PS. I did not understand your comment in a reply in another thread, about having to do more integrals if the Green's function does not satisfy the problem's overall boundary condition. You still have to perform only a single integration of the form $\int_0^{\infty} G(x,z) f(z) dz$ (although it may split up into two pieces $z < x$ and $z > x$ in some cases). The problem boundary conditions are fitted by tuning the constants in the homogeneous solution, and so do not need any more integrations.

 

[BiGyElLoWhAt]

Hmm.. I see what you're saying. That doesn't chang the behavior of G? "Bounding" the limits, that is.

 

[vela]

Why? I'm not sure I understand this part, then. So, if I assume z <0, I have put the correct side to zero, yes?

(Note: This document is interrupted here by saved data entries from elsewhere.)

(* Let $P:\mathcal{C}^{\mathrm{op}}\to\mathbf{Hey}$ be a Gödel hyperdoctrine. Let $A,B$ be objects of $\mathcal{C}$, let $\beta_D\in P(A)$ be a quantifier-free predicate and let $\alpha\in P(A\times B)$ be an existential-free predicate. If \[ a:A\;|\;\top\vdash(\forall b.\alpha(a,b))\rightarrow\beta_D(a),\] then \[ a:A\;|\;\top\vdash\exists b.(\alpha(a,b)\rightarrow\beta_D(a)).\]
   Context: A hyperdoctrine is a functor $P:\mathcal{C}^{\mathrm{op}}\to\mathbf{Hey}$ from a cartesian closed category $\mathcal{C}$ to Heyting algebras such that each $P_f$ has a left adjoint $\exists_f$ and a right adjoint $\forall_f$ satisfying Beck–Chevalley. A Gödel hyperdoctrine is a hyperdoctrine which (as a functor to $\mathbf{Pos}$) is a Gödel doctrine. A doctrine $P:\mathcal{C}^{\mathrm{op}}\to\mathbf{Pos}$ ($\mathcal{C}$ with finite products) is existential/universal if reindexing along each product projection $\pi$ has a left adjoint $\exists_\pi$ / right adjoint $\forall_\pi$ satisfying Beck–Chevalley along pullbacks of projections. Notation: $a:A\;|\;\phi\vdash\psi$ means $\phi\le\psi$ in $P(A)$; $\exists b.\psi(a,b)=\exists_{\pi_A}\psi$, $\forall b.\psi(a,b)=\forall_{\pi_A}\psi$; $\top,\rightarrow$ are Heyting operations; substitution is reindexing. In an existential doctrine, $\alpha\in P(I)$ is existential-free if for every $f:A\to I$, every $B$ and every $\beta\in P(A\times B)$ with $P_f\alpha\le\exists_{\pi_A}\beta$ there is $g:A\to B$ with $P_f\alpha\le P_{\langle1_A,g\rangle}\beta$. In a universal doctrine $Q$, $\alpha\in Q(I)$ is universal-free if for every $f:A\to I$, every $B$ and every $\beta\in Q(A\times B)$ with $\forall_{\pi_A}\beta\le Q_f\alpha$ there is $g:A\to B$ with $Q_{\langle1_A,g\rangle}\beta\le Q_f\alpha$. Enough existential-free (universal-free) predicates: every $\alpha\in P(I)$ equals $\exists_{\pi_I}\beta$ (resp. $\forall_{\pi_I}\beta$) for some $A$ and existential-free (universal-free) $\beta\in P(I\times A)$. A Gödel doctrine: (1) $\mathcal{C}$ cartesian closed; (2) $P$ existential and universal; (3) $P$ has enough existential-free predicates; (4) existential-free predicates are stable under $\forall_\pi$ for projections $\pi$; (5) the sub-doctrine $P'$ of existential-free predicates (a universal doctrine) has enough universal-free predicates. A predicate is quantifier-free if it is existential-free in $P$ and universal-free in $P'$. *)

theory Defs
  imports Main
begin

text \<open>Objects form the type 'o, arrows the type 'm. Composition Comp g f is g after f.
  Products A x B are chosen (Prod, Pi1, Pi2), with a chosen terminal object Term.\<close>

record ('o, 'm) cat =
  Dom  :: "'m \<Rightarrow> 'o"
  Cod  :: "'m \<Rightarrow> 'o"
  Comp :: "'m \<Rightarrow> 'm \<Rightarrow> 'm"
  Id   :: "'o \<Rightarrow> 'm"
  Prod :: "'o \<Rightarrow> 'o \<Rightarrow> 'o"
  Pi1  :: "'o \<Rightarrow> 'o \<Rightarrow> 'm"
  Pi2  :: "'o \<Rightarrow> 'o \<Rightarrow> 'm"
  Term :: "'o"

definition arr :: "('o, 'm, 'x) cat_scheme \<Rightarrow> 'm \<Rightarrow> 'o \<Rightarrow> 'o \<Rightarrow> bool" where
  "arr C f X Y \<longleftrightarrow> Dom C f = X \<and> Cod C f = Y"

definition category :: "('o, 'm, 'x) cat_scheme \<Rightarrow> bool" where
  "category C \<longleftrightarrow>
     (\<forall>A. arr C (Id C A) A A) \<and>
     (\<forall>f g. Cod C f = Dom C g \<longrightarrow> arr C (Comp C g f) (Dom C f) (Cod C g)) \<and>
     (\<forall>f. Comp C f (Id C (Dom C f)) = f \<and> Comp C (Id C (Cod C f)) f = f) \<and>
     (\<forall>f g h. Cod C f = Dom C g \<longrightarrow> Cod C g = Dom C h \<longrightarrow>
        Comp C h (Comp C g f) = Comp C (Comp C h g) f)"

definition has_finite_products :: "('o, 'm, 'x) cat_scheme \<Rightarrow> bool" where
  "has_finite_products C \<longleftrightarrow>
     (\<forall>A. \<exists>!t. arr C t A (Term C)) \<and>
     (\<forall>A B. arr C (Pi1 C A B) (Prod C A B) A \<and> arr C (Pi2 C A B) (Prod C A B) B \<and>
        (\<forall>X f g. arr C f X A \<longrightarrow> arr C g X B \<longrightarrow>
           (\<exists>!h. arr C h X (Prod C A B) \<and> Comp C (Pi1 C A B) h = f \<and> Comp C (Pi2 C A B) h = g)))"

definition pair :: "('o, 'm, 'x) cat_scheme \<Rightarrow> 'm \<Rightarrow> 'm \<Rightarrow> 'm" where
  "pair C f g = (THE h. arr C h (Dom C f) (Prod C (Cod C f) (Cod C g)) \<and>
       Comp C (Pi1 C (Cod C f) (Cod C g)) h = f \<and> Comp C (Pi2 C (Cod C f) (Cod C g)) h = g)"

definition cartesian_closed :: "('o, 'm, 'x) cat_scheme \<Rightarrow> bool" where
  "cartesian_closed C \<longleftrightarrow> category C \<and> has_finite_products C \<and>
     (\<forall>A B. \<exists>E ev. arr C ev (Prod C E A) B \<and>
        (\<forall>X f. arr C f (Prod C X A) B \<longrightarrow>
           (\<exists>!g. arr C g X E \<and>
              Comp C ev (pair C (Comp C g (Pi1 C X A)) (Pi2 C X A)) = f)))"

definition pullback :: "('o, 'm, 'x) cat_scheme \<Rightarrow> 'm \<Rightarrow> 'm \<Rightarrow> 'm \<Rightarrow> 'm \<Rightarrow> bool" where
  "pullback C f g p q \<longleftrightarrow>
     Cod C f = Cod C g \<and> Dom C p = Dom C q \<and> Cod C p = Dom C f \<and> Cod C q = Dom C g \<and>
     Comp C f p = Comp C g q \<and>
     (\<forall>u v. Dom C u = Dom C v \<longrightarrow> Cod C u = Dom C f \<longrightarrow> Cod C v = Dom C g \<longrightarrow>
        Comp C f u = Comp C g v \<longrightarrow>
        (\<exists>!h. arr C h (Dom C u) (Dom C p) \<and> Comp C p h = u \<and> Comp C q h = v))"

text \<open>Pred A is the fibre P(A); Le A its order; Re f is reindexing P_f : P(Cod f) \<rightarrow> P(Dom f);
  Top, Bot, Meet, Join, Imp are the Heyting operations of each fibre; Ex f and All f are
  the left and right adjoints of Re f.\<close>

record ('o, 'm, 'p) hdoc =
  Pred :: "'o \<Rightarrow> 'p set"
  Le   :: "'o \<Rightarrow> 'p \<Rightarrow> 'p \<Rightarrow> bool"
  Re   :: "'m \<Rightarrow> 'p \<Rightarrow> 'p"
  Top  :: "'o \<Rightarrow> 'p"
  Bot  :: "'o \<Rightarrow> 'p"
  Meet :: "'o \<Rightarrow> 'p \<Rightarrow> 'p \<Rightarrow> 'p"
  Join :: "'o \<Rightarrow> 'p \<Rightarrow> 'p \<Rightarrow> 'p"
  Imp  :: "'o \<Rightarrow> 'p \<Rightarrow> 'p \<Rightarrow> 'p"
  Ex   :: "'m \<Rightarrow> 'p \<Rightarrow> 'p"
  All  :: "'m \<Rightarrow> 'p \<Rightarrow> 'p"

definition heyting_fibre :: "('o, 'm, 'p, 'x) hdoc_scheme \<Rightarrow> 'o \<Rightarrow> bool" where
  "heyting_fibre P A \<longleftrightarrow>
     (\<forall>a\<in>Pred P A. Le P A a a) \<and>
     (\<forall>a\<in>Pred P A. \<forall>b\<in>Pred P A. Le P A a b \<longrightarrow> Le P A b a \<longrightarrow> a = b) \<and>
     (\<forall>a\<in>Pred P A. \<forall>b\<in>Pred P A. \<forall>c\<in>Pred P A. Le P A a b \<longrightarrow> Le P A b c \<longrightarrow> Le P A a c) \<and>
     Top P A \<in> Pred P A \<and> (\<forall>a\<in>Pred P A. Le P A a (Top P A)) \<and>
     Bot P A \<in> Pred P A \<and> (\<forall>a\<in>Pred P A. Le P A (Bot P A) a) \<and>
     (\<forall>a\<in>Pred P A. \<forall>b\<in>Pred P A.
        Meet P A a b \<in> Pred P A \<and> Join P A a b \<in> Pred P A \<and> Imp P A a b \<in> Pred P A \<and>
        (\<forall>c\<in>Pred P A. Le P A c (Meet P A a b) \<longleftrightarrow> Le P A c a \<and> Le P A c b) \<and>
        (\<forall>c\<in>Pred P A. Le P A (Join P A a b) c \<longleftrightarrow> Le P A a c \<and> Le P A b c) \<and>
        (\<forall>c\<in>Pred P A. Le P A c (Imp P A a b) \<longleftrightarrow> Le P A (Meet P A c a) b))"

definition heyting_functor :: "('o, 'm, 'y) cat_scheme \<Rightarrow> ('o, 'm, 'p, 'x) hdoc_scheme \<Rightarrow> bool" where
  "heyting_functor C P \<longleftrightarrow>
     (\<forall>A. heyting_fibre P A) \<and>
     (\<forall>A. \<forall>a\<in>Pred P A. Re P (Id C A) a = a) \<and>
     (\<forall>f g. Cod C f = Dom C g \<longrightarrow> (\<forall>a\<in>Pred P (Cod C g).
        Re P (Comp C g f) a = Re P f (Re P g a))) \<and>
     (\<forall>f. let X = Dom C f; Y = Cod C f in
        (\<forall>a\<in>Pred P Y. Re P f a \<in> Pred P X) \<and>
        (\<forall>a\<in>Pred P Y. \<forall>b\<in>Pred P Y. Le P Y a b \<longrightarrow> Le P X (Re P f a) (Re P f b)) \<and>
        Re P f (Top P Y) = Top P X \<and> Re P f (Bot P Y) = Bot P X \<and>
        (\<forall>a\<in>Pred P Y. \<forall>b\<in>Pred P Y.
           Re P f (Meet P Y a b) = Meet P X (Re P f a) (Re P f b) \<and>
           Re P f (Join P Y a b) = Join P X (Re P f a) (Re P f b) \<and>
           Re P f (Imp P Y a b) = Imp P X (Re P f a) (Re P f b)))"

definition hyperdoctrine :: "('o, 'm, 'y) cat_scheme \<Rightarrow> ('o, 'm, 'p, 'x) hdoc_scheme \<Rightarrow> bool" where
  "hyperdoctrine C P \<longleftrightarrow>
     cartesian_closed C \<and> heyting_functor C P \<and>
     (\<forall>f. let X = Dom C f; Y = Cod C f in
        (\<forall>a\<in>Pred P X. Ex P f a \<in> Pred P Y \<and> All P f a \<in> Pred P Y \<and>
           (\<forall>b\<in>Pred P Y. Le P Y (Ex P f a) b \<longleftrightarrow> Le P X a (Re P f b)) \<and>
           (\<forall>b\<in>Pred P Y. Le P Y b (All P f a) \<longleftrightarrow> Le P X (Re P f b) a))) \<and>
     (\<forall>f g p q. pullback C f g p q \<longrightarrow> (\<forall>a\<in>Pred P (Dom C f).
        Re P g (Ex P f a) = Ex P q (Re P p a) \<and> Re P g (All P f a) = All P q (Re P p a)))"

Yes. If you assume $z<0$, the Green's function would be
$$G(x,z) = \begin{cases} 0 & x>z \\ \frac 12 e^{-(x-z)} - \frac 12 e^{-3(x-z)} & x < z \end{cases}.$$ When $x=0$, you have that $x>z$, so $G(0,z)=0$ and $G'(0,z)=0$. The boundary conditions are satisfied.

Does the rest follow? Because then I end up with the first integral diverging with limits -infty to x. Or is there a flaw here as well? I'm missing something between boundary conditions and the limits of integration, I think.

It's easy to get mixed up here. When you're finding $G$, you typically think of $z$ as fixed and $x$ as the variable. When you do the integral to find $y$, you want to consider $x$ fixed and $z$ as changing (because it's the variable of integration).

The solution for $x<0$ is given by
$$y(x) = \int_{-\infty}^0 G(x,z)e^{-2z}\,dz.$$
Look at the integral while considering $x$ fixed. From $z=-\infty$ to $z=x$, you have $z<x$, so $G(x,z)$ vanishes. You only get contributions when $z>x$, so the limits of the integral become
$$y(x) = \int_x^0 G(x,z)e^{-2z}\,dz.$$ No infinities anymore, so everything converges.

 

[vela]

I wasn't aware you could choose one side to be zero.

Ray's not saying you can arbitrarily set one side to 0. You chose the wrong end of $G$ and consequently found $A=B=0$ and kept $C$ and $D$ around. If you assume $z>0$, then when $x=0$, you have $x<z$. So in your original work, you should have found $C=D=0$ and kept the $A$ and $B$ terms around.

If you assume $z<0$, however, your work above was correct. So the Green's function you found is good for $z<0$, but not good for $z>0$.

 

[BiGyElLoWhAt]

Ahhh, Ok, that makes sense. I've caught a few careless mistakes similar to this one before. I just wasn't seeing the inconsistency here. Thanks everyone.